WHAT TO DO
Lines from the listing below that contain the string "then" are to be reported.
═══
(* For every integer $\Delta\geq 1$, the symmetric directed star $\overleftrightarrow{K_{1,\Delta}}$ satisfies $$\chi'_{D_{1,2}}(\overleftrightarrow{K_{1,\Delta}}) = \left\lceil 2\sqrt{\Delta}\right\rceil.$$
   Context: For a simple graph $G$, the symmetric digraph $\overleftrightarrow{G}$ is obtained by replacing each edge $uv$ of $G$ by the pair of opposite arcs $\overrightarrow{uv}$ and $\overrightarrow{vu}$. An arc-colouring is proper of type I if any two consecutive arcs $\overrightarrow{uv},\overrightarrow{vw}$ (including $w=u$) receive distinct colours, i.e. no monochromatic 2-cycles and no monochromatic 2-paths. An arc-colouring is distinguishing if the only automorphism of $\overleftrightarrow{G}$ preserving the colour of every arc is the identity. $\chi'_{D_{1,2}}(\overleftrightarrow{G})$ is the least number of colours in a distinguishing proper arc-colouring of type I of $\overleftrightarrow{G}$. *)

theory Defs
  imports Complex_Main
begin

text \<open>A finite simple graph is given by a vertex set V and an edge relation E
(symmetric, irreflexive, within V).\<close>

definition sym_arcs :: "'a set \<Rightarrow> ('a \<Rightarrow> 'a \<Rightarrow> bool) \<Rightarrow> ('a \<times> 'a) set" where
  "sym_arcs V E = {(u,v). u \<in> V \<and> v \<in> V \<and> E u v}"

definition digraph_aut :: "'a set \<Rightarrow> ('a \<times> 'a) set \<Rightarrow> ('a \<Rightarrow> 'a) \<Rightarrow> bool" where
  "digraph_aut V A f \<longleftrightarrow> bij_betw f V V \<and>
     (\<forall>u\<in>V. \<forall>v\<in>V. ((u,v) \<in> A \<longleftrightarrow> (f u, f v) \<in> A))"

definition proper_type_I :: "('a \<times> 'a) set \<Rightarrow> ('a \<times> 'a \<Rightarrow> nat) \<Rightarrow> bool" where
  "proper_type_I A c \<longleftrightarrow> (\<forall>u v w. (u,v) \<in> A \<longrightarrow> (v,w) \<in> A \<longrightarrow> c (u,v) \<noteq> c (v,w))"

definition distinguishing :: "'a set \<Rightarrow> ('a \<times> 'a) set \<Rightarrow> ('a \<times> 'a \<Rightarrow> nat) \<Rightarrow> bool" where
  "distinguishing V A c \<longleftrightarrow>
     (\<forall>f. digraph_aut V A f \<and> (\<forall>a\<in>A. c (f (fst a), f (snd a)) = c a) \<longrightarrow> (\<forall>x\<in>V. f x = x))"

definition chi_D12 :: "'a set \<Rightarrow> ('a \<Rightarrow> 'a \<Rightarrow> bool) \<Rightarrow> nat" where
  "chi_D12 V E = (LEAST k. \<exists>c. (\<forall>a\<in>sym_arcs V E. c a < k) \<and>
       proper_type_I (sym_arcs V E) c \<and> distinguishing V (sym_arcs V E) c)"

text \<open>The star K_{1,\<Delta>}: centre 0, leaves 1..\<Delta>.\<close>
definition star_V :: "nat \<Rightarrow> nat set" where
  "star_V d = {0..d}"

definition star_E :: "nat \<Rightarrow> nat \<Rightarrow> nat \<Rightarrow> bool" where
  "star_E d u v \<longleftrightarrow> (u = 0 \<and> 1 \<le> v \<and> v \<le> d) \<or> (v = 0 \<and> 1 \<le> u \<and> u \<le> d)"

end

theory Submission
  imports Defs "HOL-Combinatorics.Transposition"
begin

text \<open>
In a type I proper colouring of the star, no colour appears both on an arc leaving
the centre and on an arc entering it, so with k colours the leaves see at most
p out-colours and q in-colours with p + q \<le> k. Two leaves carrying the same pair
(out-colour, in-colour) could be swapped by a colour-preserving automorphism, so a
distinguishing colouring needs \<Delta> \<le> p q \<le> k^2/4. Conversely, if \<Delta> \<le> a b, colour
the arcs at leaf v by the two base-a digits of v - 1, using a colours for out-arcs
and b further colours for in-arcs.
\<close>

definition D12_colouring :: "'a set \<Rightarrow> ('a \<Rightarrow> 'a \<Rightarrow> bool) \<Rightarrow> nat \<Rightarrow> ('a \<times> 'a \<Rightarrow> nat) \<Rightarrow> bool" where
  "D12_colouring V E k c \<longleftrightarrow> (\<forall>a\<in>sym_arcs V E. c a < k) \<and>
     proper_type_I (sym_arcs V E) c \<and> distinguishing V (sym_arcs V E) c"

lemma chi_D12_eq_Least: "chi_D12 V E = (LEAST k. \<exists>c. D12_colouring V E k c)"
  unfolding chi_D12_def D12_colouring_def ..

lemma sym_arcs_star_iff:
  "(u, v) \<in> sym_arcs (star_V d) (star_E d) \<longleftrightarrow>
     (u = 0 \<and> v \<in> {1..d}) \<or> (v = 0 \<and> u \<in> {1..d})"
  unfolding sym_arcs_def star_V_def star_E_def by auto

lemma four_mul_le_square_sum: "4 * (x * y) \<le> (x + y)\<^sup>2" for x y :: nat
proof -
  have "int (4 * (x * y)) \<le> int ((x + y)\<^sup>2)"
    using zero_le_power2[of "int x - int y"] by (simp add: power2_eq_square algebra_simps)
  then show ?thesis by linarith
qed

lemma ceiling_two_sqrt_le_iff: "\<lceil>2 * sqrt (real d)\<rceil> \<le> int k \<longleftrightarrow> 4 * d \<le> k\<^sup>2"
proof -
  have "\<lceil>2 * sqrt (real d)\<rceil> \<le> int k \<longleftrightarrow> sqrt (real (4 * d)) \<le> real k"
    by (simp add: ceiling_le_iff real_sqrt_mult)
  also have "\<dots> \<longleftrightarrow> real (4 * d) \<le> (real k)\<^sup>2"
    using real_le_lsqrt sqrt_le_D by fastforce
  finally show ?thesis
    by (metis of_nat_le_iff of_nat_power)
qed

lemma Least_int_le_eq_nat: "(LEAST k. z \<le> int k) = nat z"
  by (rule Least_equality) (simp_all add: nat_le_iff)

lemma star_out_in_colours_disjoint:
  assumes "proper_type_I (sym_arcs (star_V d) (star_E d)) c"
  shows "(\<lambda>i. c (0, i)) ` {1..d} \<inter> (\<lambda>i. c (i, 0)) ` {1..d} = {}"
  using assms unfolding proper_type_I_def sym_arcs_star_iff by fastforce

lemma digraph_aut_star_transpose:
  assumes "i \<in> {1..d}" "j \<in> {1..d}"
  shows "digraph_aut (star_V d) (sym_arcs (star_V d) (star_E d)) (transpose i j)"
  using assms unfolding digraph_aut_def sym_arcs_star_iff
  by (auto simp: star_V_def transpose_def)

lemma inj_on_star_leaf_colours:
  assumes "distinguishing (star_V d) (sym_arcs (star_V d) (star_E d)) c"
  shows "inj_on (\<lambda>i. (c (0, i), c (i, 0))) {1..d}"
proof (rule inj_onI, rule ccontr)
  fix i j
  assume leaves: "i \<in> {1..d}" "j \<in> {1..d}"
    and same: "(c (0, i), c (i, 0)) = (c (0, j), c (j, 0))" and "i \<noteq> j"
  have "\<forall>a\<in>sym_arcs (star_V d) (star_E d). c (transpose i j (fst a), transpose i j (snd a)) = c a"
    using leaves same by (auto simp: sym_arcs_star_iff transpose_def)
  with assms digraph_aut_star_transpose[OF leaves] have "\<forall>x\<in>star_V d. transpose i j x = x"
    unfolding distinguishing_def by blast
  moreover have "i \<in> star_V d" using leaves by (simp add: star_V_def)
  ultimately have "transpose i j i = i" by blast
  with \<open>i \<noteq> j\<close> show False by simp
qed

lemma D12_colouring_star_bound:
  assumes "D12_colouring (star_V d) (star_E d) k c"
  shows "4 * d \<le> k\<^sup>2"
proof -
  define Out where "Out = (\<lambda>i. c (0, i)) ` {1..d}"
  define In where "In = (\<lambda>i. c (i, 0)) ` {1..d}"
  have "Out \<union> In \<subseteq> {..<k}"
    using assms by (auto simp: D12_colouring_def sym_arcs_star_iff Out_def In_def)
  moreover have "Out \<inter> In = {}"
    using assms star_out_in_colours_disjoint by (simp add: D12_colouring_def Out_def In_def)
  ultimately have colours: "card Out + card In \<le> k"
    using card_mono[of "{..<k}" "Out \<union> In"] by (simp add: Out_def In_def card_Un_disjoint)
  have "(\<lambda>i. (c (0, i), c (i, 0))) ` {1..d} \<subseteq> Out \<times> In"
    by (auto simp: Out_def In_def)
  moreover have "inj_on (\<lambda>i. (c (0, i), c (i, 0))) {1..d}"
    using assms inj_on_star_leaf_colours by (simp add: D12_colouring_def)
  ultimately have "card {1..d} \<le> card (Out \<times> In)"
    by (intro card_inj_on_le) (auto simp: Out_def In_def)
  then have "d \<le> card Out * card In"
    by (simp add: card_cartesian_product)
  then have "4 * d \<le> 4 * (card Out * card In)" by simp
  also have "\<dots> \<le> (card Out + card In)\<^sup>2" by (rule four_mul_le_square_sum)
  also have "\<dots> \<le> k\<^sup>2" using colours by (simp add: power_mono)
  finally show ?thesis .
qed

definition star_colouring :: "nat \<Rightarrow> nat \<times> nat \<Rightarrow> nat" where
  "star_colouring a = (\<lambda>(u, v). if u = 0 then (v - 1) mod a else a + (u - 1) div a)"

lemma star_colouring_out [simp]: "star_colouring a (0, v) = (v - 1) mod a"
  by (simp add: star_colouring_def)

lemma star_colouring_in [simp]: "u \<noteq> 0 \<Longrightarrow> star_colouring a (u, v) = a + (u - 1) div a"
  by (simp add: star_colouring_def)

lemma star_colouring_out_less: "0 < a \<Longrightarrow> star_colouring a (0, v) < a"
  by simp

lemma star_colouring_in_ge: "u \<noteq> 0 \<Longrightarrow> a \<le> star_colouring a (u, v)"
  by simp

lemma star_colouring_less:
  assumes "0 < a" "d \<le> a * b" "x \<in> sym_arcs (star_V d) (star_E d)"
  shows "star_colouring a x < a + b"
proof -
  obtain u v where x: "x = (u, v)" by fastforce
  have "u - 1 < a * b" if "u \<in> {1..d}" using that assms(2) by auto
  then have "(u - 1) div a < b" if "u \<in> {1..d}"
    using that assms(1) by (simp add: div_less_iff_less_mult mult.commute)
  moreover have "star_colouring a (0, v) < a" using assms(1) by (rule star_colouring_out_less)
  ultimately show ?thesis
    using assms(3) x by (auto simp: sym_arcs_star_iff)
qed

lemma proper_type_I_star_colouring:
  assumes "0 < a"
  shows "proper_type_I (sym_arcs (star_V d) (star_E d)) (star_colouring a)"
  unfolding proper_type_I_def sym_arcs_star_iff
  using star_colouring_out_less[OF assms] star_colouring_in_ge
  by (metis atLeastAtMost_iff less_le_not_le not_one_le_zero)

lemma distinguishing_star_colouring:
  assumes "0 < a"
  shows "distinguishing (star_V d) (sym_arcs (star_V d) (star_E d)) (star_colouring a)"
  unfolding distinguishing_def
proof (intro allI impI ballI)
  fix f x
  assume "digraph_aut (star_V d) (sym_arcs (star_V d) (star_E d)) f \<and>
    (\<forall>e\<in>sym_arcs (star_V d) (star_E d). star_colouring a (f (fst e), f (snd e)) = star_colouring a e)"
    and x: "x \<in> star_V d"
  then have bij: "bij_betw f (star_V d) (star_V d)"
    and keeps: "\<And>u v. (u, v) \<in> sym_arcs (star_V d) (star_E d) \<Longrightarrow>
      star_colouring a (f u, f v) = star_colouring a (u, v)"
    unfolding digraph_aut_def by fastforce+
  have centre: "f 0 = 0"
  proof (rule ccontr)
    assume "f 0 \<noteq> 0"
    moreover have "f 0 \<in> star_V d" using bij by (auto simp: star_V_def bij_betw_def)
    ultimately have "1 \<le> d" by (simp add: star_V_def)
    then have "(0, 1) \<in> sym_arcs (star_V d) (star_E d)" by (simp add: sym_arcs_star_iff)
    from keeps[OF this] \<open>f 0 \<noteq> 0\<close> assms show False by simp
  qed
  show "f x = x"
  proof (cases "x = 0")
    case False
    then have leaf: "x \<in> {1..d}" using x by (auto simp: star_V_def)
    have "0 \<in> star_V d" by (simp add: star_V_def)
    then have "f x \<noteq> 0"
      using inj_onD[OF bij_betw_imp_inj_on[OF bij] _ x] False centre by metis
    have "(f x - 1) mod a = (x - 1) mod a"
      using keeps[of 0 x] leaf centre by (simp add: sym_arcs_star_iff)
    moreover have "(f x - 1) div a = (x - 1) div a"
      using keeps[of x 0] leaf centre \<open>f x \<noteq> 0\<close> False by (simp add: sym_arcs_star_iff)
    ultimately have "f x - 1 = x - 1" by (metis div_mult_mod_eq)
    with \<open>f x \<noteq> 0\<close> False show ?thesis by simp
  qed (simp add: centre)
qed

lemma D12_colouring_star_colouring:
  assumes "0 < a" "d \<le> a * b"
  shows "D12_colouring (star_V d) (star_E d) (a + b) (star_colouring a)"
  using assms star_colouring_less proper_type_I_star_colouring distinguishing_star_colouring
  by (simp add: D12_colouring_def)

lemma square_le_four_mul_halves: "k\<^sup>2 \<le> 4 * ((k - k div 2) * (k div 2)) + 1" for k :: nat
proof (cases "even k")
  case True
  then show ?thesis by (auto simp: power2_eq_square elim!: evenE)
next
  case False
  then show ?thesis by (auto simp: power2_eq_square algebra_simps elim!: oddE)
qed

lemma D12_colouring_star_exists_iff:
  assumes "1 \<le> d"
  shows "(\<exists>c. D12_colouring (star_V d) (star_E d) k c) \<longleftrightarrow> 4 * d \<le> k\<^sup>2"
proof
  assume "\<exists>c. D12_colouring (star_V d) (star_E d) k c"
  then show "4 * d \<le> k\<^sup>2" by (blast intro: D12_colouring_star_bound)
next
  assume k: "4 * d \<le> k\<^sup>2"
  define a where "a = k - k div 2"
  have "0 < a" using k assms by (cases "k = 0") (auto simp: a_def)
  moreover have "d \<le> a * (k div 2)"
    using k square_le_four_mul_halves[of k] by (simp add: a_def)
  ultimately have "D12_colouring (star_V d) (star_E d) (a + k div 2) (star_colouring a)"
    by (rule D12_colouring_star_colouring)
  moreover have "a + k div 2 = k" by (simp add: a_def)
  ultimately show "\<exists>c. D12_colouring (star_V d) (star_E d) k c" by auto
qed

theorem proposition2p4:
  fixes \<Delta> :: nat
  assumes "\<Delta> \<ge> 1"
  shows "int (chi_D12 (star_V \<Delta>) (star_E \<Delta>)) = \<lceil>2 * sqrt (real \<Delta>)\<rceil>"
proof -
  have "chi_D12 (star_V \<Delta>) (star_E \<Delta>) = (LEAST k. \<lceil>2 * sqrt (real \<Delta>)\<rceil> \<le> int k)"
    using assms by (simp add: chi_D12_eq_Least D12_colouring_star_exists_iff ceiling_two_sqrt_le_iff)
  also have "\<dots> = nat \<lceil>2 * sqrt (real \<Delta>)\<rceil>"
    by (rule Least_int_le_eq_nat)
  finally show ?thesis
    by (simp add: less_le_trans[of "-1" 0])
qed

end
═══
RESPONSE
  then show ?thesis by linarith
  then have "d \<le> card Out * card In"
  then have "4 * d \<le> 4 * (card Out * card In)" by simp
  "star_colouring a = (\<lambda>(u, v). if u = 0 then (v - 1) mod a else a + (u - 1) div a)"
  then have "(u - 1) div a < b" if "u \<in> {1..d}"
  then have bij: "bij_betw f (star_V d) (star_V d)"
    then have "(0, 1) \<in> sym_arcs (star_V d) (star_E d)" by (simp add: sym_arcs_star_iff)
    then have leaf: "x \<in> {1..d}" using x by (auto simp: star_V_def)
    then have "f x \<noteq> 0"
  then show ?thesis by (auto simp: power2_eq_square elim!: evenE)
  then show ?thesis by (auto simp: power2_eq_square algebra_simps elim!: oddE)
  then show "4 * d \<le> k\<^sup>2" by (blast intro: D12_colouring_star_bound)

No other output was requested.